La représentation des films cinématographiques est subordonnée à l'obtention de visas, selon une procédure définie par l’article L. 211-1 du Code du cinéma et de l'image animée : tous publics ou interdit aux moins de douze ans, moins de seize ans ou moins de dix-huit ans. S’ajoutent des hypothèses d’interdiction.

Le texte est bien précis sur les motifs : « Ce visa peut être refusé ou sa délivrance subordonnée à des conditions pour des motifs tirés de la protection de l'enfance et de la jeunesse ou du respect de la dignité humaine ».

Le visa est délivré après avis de la commission de classification des œuvres cinématographiques, régie par le décret n°90-174 du 23 février 1990, modifié par le décret n°2001-618 du 12 juillet 2001.

La commission adresse au ministre un avis motivé, et les pouvoirs du ministre sont définis à l’article 4.

Le texte précise :

« Avant de statuer, le ministre a la faculté de demander à la commission un nouvel examen.

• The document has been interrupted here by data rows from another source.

definition prob_prod :: "('x \<Rightarrow> 'y set) \<Rightarrow> ('u \<Rightarrow> 'v set) \<Rightarrow> ('x \<times> 'u) \<Rightarrow> ('y \<times> 'v) set" where
  "prob_prod f g = (\<lambda>(x, u). f x \<times> g u)"

text \<open>{0,1} is modelled by bool (False = 0, True = 1), represented by p \<mapsto> p(0).\<close>
definition rep_two :: "baire \<Rightarrow> bool option" where
  "rep_two p = (if p 0 = 0 then Some False else if p 0 = 1 then Some True else None)"

text \<open>Negative information: p enumerates the complement, value b+1 meaning "b is not in A",
  value 0 meaning nothing.\<close>
definition rep_neg_two :: "baire \<Rightarrow> bool set option" where
  "rep_neg_two p = (if (\<forall>n. p n \<le> 2)
      then Some {b. \<forall>n. p n \<noteq> (if b then 2 else 1)} else None)"

definition C2 :: "bool set \<Rightarrow> bool set" where
  "C2 A = A"

text \<open>p - 1: delete zeros and subtract 1 from the remaining entries.\<close>
definition minus_one_infinite :: "baire \<Rightarrow> bool" where
  "minus_one_infinite p \<longleftrightarrow> infinite {n. 0 < p n}"

definition minus_one :: "baire \<Rightarrow> baire" where
  "minus_one p = (\<lambda>k. p (enumerate {n. 0 < p n} k) - 1)"

text \<open>Completion of a represented space: the type 'a option, None playing the role of \<bottom>.\<close>
definition compl_rep :: "(baire \<Rightarrow> 'a option) \<Rightarrow> baire \<Rightarrow> 'a option option" where
  "compl_rep \<delta> p =
     (if minus_one_infinite p then
        (case \<delta> (minus_one p) of Some x \<Rightarrow> Some (Some x) | None \<Rightarrow> Some None)
      else Some None)"

definition completion :: "('u \<Rightarrow> 'v set) \<Rightarrow> 'u option \<Rightarrow> 'v option set" where
  "completion g x =
     (case x of Some u \<Rightarrow> (if g u \<noteq> {} then Some ` g u else UNIV) | None \<Rightarrow> UNIV)"

end

theory Submission
  imports Defs
begin

text \<open>Let \<open>K, H\<close> witness \<open>f \<times> C\<^sub>2 \<le>\<^sub>W g\<close> completed. Given a name \<open>p\<close> of an instance of \<open>f\<close>,
  feed \<open>K\<close> with \<open>p\<close> and a negative name \<open>Q\<close> of a subset of \<open>{0, 1}\<close> that stays all zeros (naming
  \<open>{0, 1}\<close>) until \<open>H\<close>, run on \<open>p\<close>, the all-zero \<open>C\<^sub>2\<close>-name and the answer \<open>\<bottom>\<close>, writes its
  \<open>C\<^sub>2\<close>-bit \<open>b\<close>, and then removes \<open>b\<close>. Up to that moment \<open>Q\<close> agrees with the all-zero name, so
  \<open>H\<close>, given the answer \<open>\<bottom>\<close> on the actual input, writes the same excluded bit. Hence \<open>\<bottom>\<close> is no
  correct answer to the instance that \<open>K\<close> produces: it names an element of the domain of \<open>g\<close>, a
  realizer of \<open>g\<close> solves it, and \<open>H\<close> turns the solution into one for \<open>f\<close>.\<close>

section \<open>Primitive recursive functions\<close>

definition prim_rec :: "(nat list \<Rightarrow> nat) \<Rightarrow> bool" where
  "prim_rec f \<longleftrightarrow> (\<exists>t. peval t = f)"

lemma arg_Cons_0 [simp]: "arg 0 (x # xs) = x"
  by (simp add: arg_def)

lemma arg_Cons_Suc [simp]: "arg (Suc i) (x # xs) = arg i xs"
  by (simp add: arg_def)

lemma arg_Cons_numeral [simp]: "arg (numeral k) (x # xs) = arg (pred_numeral k) xs"
  by (simp add: numeral_eq_Suc)

lemma arg_tl: "arg i (tl xs) = arg (Suc i) xs"
  by (cases xs) (auto simp: arg_def)

lemma prim_rec_arg: "prim_rec (\<lambda>xs. arg i xs)"
  unfolding prim_rec_def by (rule exI[of _ "PProj i"]) auto

lemma prim_rec_zero: "prim_rec (\<lambda>xs. 0)"
  unfolding prim_rec_def by (rule exI[of _ PZ]) auto

lemma prim_rec_compose:
  assumes "prim_rec h" and "list_all prim_rec gs"
  shows "prim_rec (\<lambda>xs. h (map (\<lambda>g. g xs) gs))"
proof -
  obtain th where th: "peval th = h"
    using assms(1) unfolding prim_rec_def by blast
  have "\<exists>ts. map peval ts = gs"
    using assms(2) by (induction gs) (auto simp: prim_rec_def intro: exI[of _ "_ # _"])
  then obtain ts where "map peval ts = gs" ..
  then have "peval (PComp th ts) = (\<lambda>xs. h (map (\<lambda>g. g xs) gs))"
    by (auto simp: th comp_def)
  then show ?thesis unfolding prim_rec_def by blast
qed

lemma prim_rec_Suc: "prim_rec a \<Longrightarrow> prim_rec (\<lambda>xs. Suc (a xs))"
proof -
  assume "prim_rec a"
  have "prim_rec (\<lambda>xs. Suc (arg 0 xs))"
    unfolding prim_rec_def by (rule exI[of _ PS]) auto
  from prim_rec_compose[OF this, of "[a]"] show ?thesis using \<open>prim_rec a\<close> by simp
qed

lemma prim_rec_const: "prim_rec (\<lambda>xs. k)"
  by (induction k) (auto intro: prim_rec_zero prim_rec_Suc)

lemma prim_rec_rec_nat:
  assumes "prim_rec f" and "prim_rec g"
  shows "prim_rec (\<lambda>xs. rec_nat (f (tl xs)) (\<lambda>n r. g (n # r # tl xs)) (arg 0 xs))"
proof -
  obtain tf tg where "peval tf = f" "peval tg = g"
    using assms unfolding prim_rec_def by blast
  then have "peval (PRec tf tg) xs = rec_nat (f (tl xs)) (\<lambda>n r. g (n # r # tl xs)) (arg 0 xs)"
    for xs
    by (cases xs) (auto simp: arg_def)
  then show ?thesis unfolding prim_rec_def by blast
qed

lemma prim_rec_cong: "prim_rec f \<Longrightarrow> (\<And>xs. f xs = g xs) \<Longrightarrow> prim_rec g"
  by (metis ext)

definition prim_rec1 :: "(nat \<Rightarrow> nat) \<Rightarrow> bool" where
  "prim_rec1 f \<longleftrightarrow> prim_rec (\<lambda>xs. f (arg 0 xs))"

definition prim_rec2 :: "(nat \<Rightarrow> nat \<Rightarrow> nat) \<Rightarrow> bool" where
  "prim_rec2 f \<longleftrightarrow> prim_rec (\<lambda>xs. f (arg 0 xs) (arg 1 xs))"

definition prim_rec3 :: "(nat \<Rightarrow> nat \<Rightarrow> nat \<Rightarrow> nat) \<Rightarrow> bool" where
  "prim_rec3 f \<longleftrightarrow> prim_rec (\<lambda>xs. f (arg 0 xs) (arg 1 xs) (arg 2 xs))"

definition prim_rec4 :: "(nat \<Rightarrow> nat \<Rightarrow> nat \<Rightarrow> nat \<Rightarrow> nat) \<Rightarrow> bool" where
  "prim_rec4 f \<longleftrightarrow> prim_rec (\<lambda>xs. f (arg 0 xs) (arg 1 xs) (arg 2 xs) (arg 3 xs))"

definition prim_rec5 :: "(nat \<Rightarrow> nat \<Rightarrow> nat \<Rightarrow> nat \<Rightarrow> nat \<Rightarrow> nat) \<Rightarrow> bool" where
  "prim_rec5 f \<longleftrightarrow> prim_rec (\<lambda>xs. f (arg 0 xs) (arg 1 xs) (arg 2 xs) (arg 3 xs) (arg 4 xs))"

lemmas prim_recI = prim_rec1_def[THEN iffD2] prim_rec2_def[THEN iffD2] prim_rec3_def[THEN iffD2]
  prim_rec4_def[THEN iffD2] prim_rec5_def[THEN iffD2]

lemma prim_rec1_apply: "prim_rec1 h \<Longrightarrow> prim_rec a \<Longrightarrow> prim_rec (\<lambda>xs. h (a xs))"
  unfolding prim_rec1_def using prim_rec_compose[of "\<lambda>xs. h (arg 0 xs)" "[a]"] by simp

lemma prim_rec2_apply:
  "prim_rec2 h \<Longrightarrow> prim_rec a \<Longrightarrow> prim_rec b \<Longrightarrow> prim_rec (\<lambda>xs. h (a xs) (b xs))"
  unfolding prim_rec2_def using prim_rec_compose[of "\<lambda>xs. h (arg 0 xs) (arg 1 xs)" "[a, b]"]
  by simp

lemma prim_rec3_apply:
  "prim_rec3 h \<Longrightarrow> prim_rec a \<Longrightarrow> prim_rec b \<Longrightarrow> prim_rec c \<Longrightarrow>
    prim_rec (\<lambda>xs. h (a xs) (b xs) (c xs))"
  unfolding prim_rec3_def
  using prim_rec_compose[of "\<lambda>xs. h (arg 0 xs) (arg 1 xs) (arg 2 xs)" "[a, b, c]"] by simp

lemma prim_rec4_apply:
  "prim_rec4 h \<Longrightarrow> prim_rec a \<Longrightarrow> prim_rec b \<Longrightarrow> prim_rec c \<Longrightarrow> prim_rec d \<Longrightarrow>
    prim_rec (\<lambda>xs. h (a xs) (b xs) (c xs) (d xs))"
  unfolding prim_rec4_def
  using prim_rec_compose[of "\<lambda>xs. h (arg 0 xs) (arg 1 xs) (arg 2 xs) (arg 3 xs)" "[a, b, c, d]"]
  by simp

lemma prim_rec4_rec_nat:
  assumes "prim_rec3 base" and "prim_rec5 step"
  shows "prim_rec4 (\<lambda>y a b c. rec_nat (base a b c) (\<lambda>n r. step n r a b c) y)"
  using prim_rec_rec_nat[OF assms[unfolded prim_rec3_def prim_rec5_def]]
  unfolding prim_rec4_def by (simp add: arg_tl numeral_2_eq_2 numeral_3_eq_3)

lemma prim_rec_rec_nat3:
  assumes "prim_rec3 base" and "prim_rec5 step"
    and "prim_rec y" and "prim_rec a" and "prim_rec b" and "prim_rec c"
  shows "prim_rec (\<lambda>xs.
    rec_nat (base (a xs) (b xs) (c xs)) (\<lambda>n r. step n r (a xs) (b xs) (c xs)) (y xs))"
  using prim_rec4_apply[OF prim_rec4_rec_nat[OF assms(1,2)] assms(3-)] .

lemma prim_rec_add:
  assumes "prim_rec a" and "prim_rec b"
  shows "prim_rec (\<lambda>xs. a xs + b xs)"
proof -
  have "prim_rec3 (\<lambda>a b c. a)" "prim_rec5 (\<lambda>n r a b c. Suc r)"
    by (intro prim_recI prim_rec_Suc prim_rec_arg)+
  from prim_rec_rec_nat3[OF this assms(2,1) prim_rec_zero prim_rec_zero]
  have "prim_rec (\<lambda>xs. rec_nat (a xs) (\<lambda>n r. Suc r) (b xs))" .
  moreover have "rec_nat a (\<lambda>n r. Suc r) y = a + y" for a y :: nat
    by (induction y) auto
  ultimately show ?thesis by simp
qed

lemma prim_rec_mult:
  assumes "prim_rec a" and "prim_rec b"
  shows "prim_rec (\<lambda>xs. a xs * b xs)"
proof -
  have "prim_rec3 (\<lambda>a b c. 0)" "prim_rec5 (\<lambda>n r a b c. r + a)"
    by (intro prim_recI prim_rec_add prim_rec_arg prim_rec_const)+
  from prim_rec_rec_nat3[OF this assms(2,1) prim_rec_zero prim_rec_zero]
  have "prim_rec (\<lambda>xs. rec_nat 0 (\<lambda>n r. r + a xs) (b xs))" .
  moreover have "rec_nat 0 (\<lambda>n r. r + a) y = a * y" for a y :: nat
    by (induction y) auto
  ultimately show ?thesis by simp
qed

lemma prim_rec_minus_one:
  assumes "prim_rec a"
  shows "prim_rec (\<lambda>xs. a xs - 1)"
proof -
  have "prim_rec3 (\<lambda>a b c. 0)" "prim_rec5 (\<lambda>n r a b c. n)"
    by (intro prim_recI prim_rec_arg prim_rec_const)+
  from prim_rec_rec_nat3[OF this assms prim_rec_zero prim_rec_zero prim_rec_zero]
  have "prim_rec (\<lambda>xs. rec_nat 0 (\<lambda>n r. n) (a xs))" .
  moreover have "rec_nat 0 (\<lambda>n r. n) y = y - 1" for y :: nat
    by (cases y) auto
  ultimately show ?thesis by simp
qed

lemma prim_rec_diff:
  assumes "prim_rec a" and "prim_rec b"
  shows "prim_rec (\<lambda>xs. a xs - b xs)"
proof -
  have "prim_rec3 (\<lambda>a b c. a)" "prim_rec5 (\<lambda>n r a b c. r - 1)"
    by (intro prim_recI prim_rec_minus_one prim_rec_arg)+
  from prim_rec_rec_nat3[OF this assms(2,1) prim_rec_zero prim_rec_zero]
  have "prim_rec (\<lambda>xs. rec_nat (a xs) (\<lambda>n r. r - 1) (b xs))" .
  moreover have "rec_nat a (\<lambda>n r. r - 1) y = a - y" for a y :: nat
    by (induction y) auto
  ultimately show ?thesis by simp
qed

lemma prim_rec_if_zero:
  assumes "prim_rec c" and "prim_rec a" and "prim_rec b"
  shows "prim_rec (\<lambda>xs. if c xs = 0 then a xs else b xs)"
proof -
  have "prim_rec3 (\<lambda>a b c. a)" "prim_rec5 (\<lambda>n r a b c. b)"
    by (intro prim_recI prim_rec_arg)+
  from prim_rec_rec_nat3[OF this assms prim_rec_zero]
  have "prim_rec (\<lambda>xs. rec_nat (a xs) (\<lambda>n r. b xs) (c xs))" .
  moreover have "rec_nat a (\<lambda>n r. b) y = (if y = 0 then a else b)" for a b y :: nat
    by (cases y) auto
  ultimately show ?thesis by simp
qed

definition prim_rec_pred :: "(nat list \<Rightarrow> bool) \<Rightarrow> bool" where
  "prim_rec_pred P \<longleftrightarrow> prim_rec (\<lambda>xs. if P xs then 1 else 0)"

lemma prim_rec_if:
  assumes "prim_rec_pred P" and "prim_rec a" and "prim_rec b"
  shows "prim_rec (\<lambda>xs. if P xs then a xs else b xs)"
  by (rule prim_rec_cong[OF prim_rec_if_zero[OF assms(1)[unfolded prim_rec_pred_def] assms(3,2)]])
    auto

lemma prim_rec_pred_le:
  assumes "prim_rec a" and "prim_rec b"
  shows "prim_rec_pred (\<lambda>xs. a xs \<le> b xs)"
  unfolding prim_rec_pred_def
  by (rule prim_rec_cong[OF prim_rec_diff[OF prim_rec_const prim_rec_diff[OF assms]], of 1]) auto

lemma prim_rec_pred_less:
  assumes "prim_rec a" and "prim_rec b"
  shows "prim_rec_pred (\<lambda>xs. a xs < b xs)"
  using prim_rec_pred_le[OF prim_rec_Suc[OF assms(1)] assms(2)] by (simp add: Suc_le_eq)

lemma prim_rec_pred_conj:
  assumes "prim_rec_pred P" and "prim_rec_pred Q"
  shows "prim_rec_pred (\<lambda>xs. P xs \<and> Q xs)"
  unfolding prim_rec_pred_def
  by (rule prim_rec_cong[OF prim_rec_mult[OF assms[unfolded prim_rec_pred_def]]]) auto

Il transmet, dans ce cas, au président de la commission les motifs de cette demande ainsi que toutes observations utiles.

« La procédure prévue à l'alinéa précédent est obligatoire dans le cas où le ministre chargé de la culture envisage de prendre une décision comportant une mesure plus restrictive que celle qui a été proposée par la commission de classification ».

On résume:

- le ministre peut baisser la classification d’un film, et il n’a pas pour ce faire à demander un nouvel examen ;

- il peut demander un nouvel examen s'il l'estime nécessaire, par exemple la demande d’un producteur ou d’un distributeur, mais il doit alors motiver sa demande « avec toutes observations utiles »;

- ce nouvel examen n’est obligatoire que si le ministre envisage de prendre une décision plus restrictive que celle proposée par la commission.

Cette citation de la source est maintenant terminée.